▶ **Source data**:
lemma ricci_comp_metric_g_uminus:
  assumes "open U" "p \<in> U" "\<forall>q\<in>U. A q \<noteq> 0 \<and> B q \<noteq> 0" "smooth_on U A" "smooth_on U B"
  shows "a \<noteq> b \<Longrightarrow> ricci_comp (metric_g (\<lambda>q. - A q) B) p a b = ricci_comp (metric_g A B) p a b"
    and "ricci_comp (metric_g (\<lambda>q. - A q) B) p 0 0 - ricci_comp (metric_g (\<lambda>q. - A q) B) p 1 1
      = ricci_comp (metric_g A B) p 0 0 - ricci_comp (metric_g A B) p 1 1"
proof -
  have nz: "A p \<noteq> 0" "B p \<noteq> 0" using assms(2,3) by auto
  note Chr_p = Chr_metric_g[where A = A and B = B and q = p, OF nz]
  note Chr_uminus_p =
    Chr_metric_g_uminus[where A = A and B = B and q = p, OF nz pd_uminus_smooth_on[OF assms(4,2)]]
  note pd_Chr_uminus = pd_Chr_metric_g_uminus[OF assms]
  \<comment> \<open>Gamma^2_00 = Gamma^2_11 on U; this cancels the sign changes in rho_00 - rho_11.\<close>
  have "\<forall>q\<in>U. Chr (metric_g A B) q 0 0 2 = Chr (metric_g A B) q 1 1 2"
    using assms(3) by (simp add: Chr_metric_g pd_metric_g metric_g_def)
  then have pd_Chr_002:
      "pd 2 (\<lambda>q. Chr (metric_g A B) q 0 0 2) p = pd 2 (\<lambda>q. Chr (metric_g A B) q 1 1 2) p"
    by (rule pd_cong_open[OF assms(1,2)])
  have "\<forall>a b. a \<noteq> b \<longrightarrow> ricci_comp (metric_g (\<lambda>q. - A q) B) p a b = ricci_comp (metric_g A B) p a b"
    unfolding forall_3' ricci_comp_def Riem_def sum_3' pd_Chr_uminus Chr_uminus_p
    using nz by (simp add: Chr_p pd_metric_g metric_g_def Chr_sign_def field_simps)
  then show "a \<noteq> b \<Longrightarrow> ricci_comp (metric_g (\<lambda>q. - A q) B) p a b = ricci_comp (metric_g A B) p a b"
    by blast
  show "ricci_comp (metric_g (\<lambda>q. - A q) B) p 0 0 - ricci_comp (metric_g (\<lambda>q. - A q) B) p 1 1
      = ricci_comp (metric_g A B) p 0 0 - ricci_comp (metric_g A B) p 1 1"
    unfolding ricci_comp_def Riem_def sum_3' pd_Chr_uminus Chr_uminus_p
    using nz pd_Chr_002 by (simp add: Chr_p pd_metric_g metric_g_def Chr_sign_def field_simps)
qed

▶ **What is required**: Go through the data and gather every line that holds "where".

▶ **Solution for this exercise**:
  note Chr_p = Chr_metric_g[where A = A and B = B and q = p, OF nz]
    Chr_metric_g_uminus[where A = A and B = B and q = p, OF nz pd_uminus_smooth_on[OF assms(4,2)]]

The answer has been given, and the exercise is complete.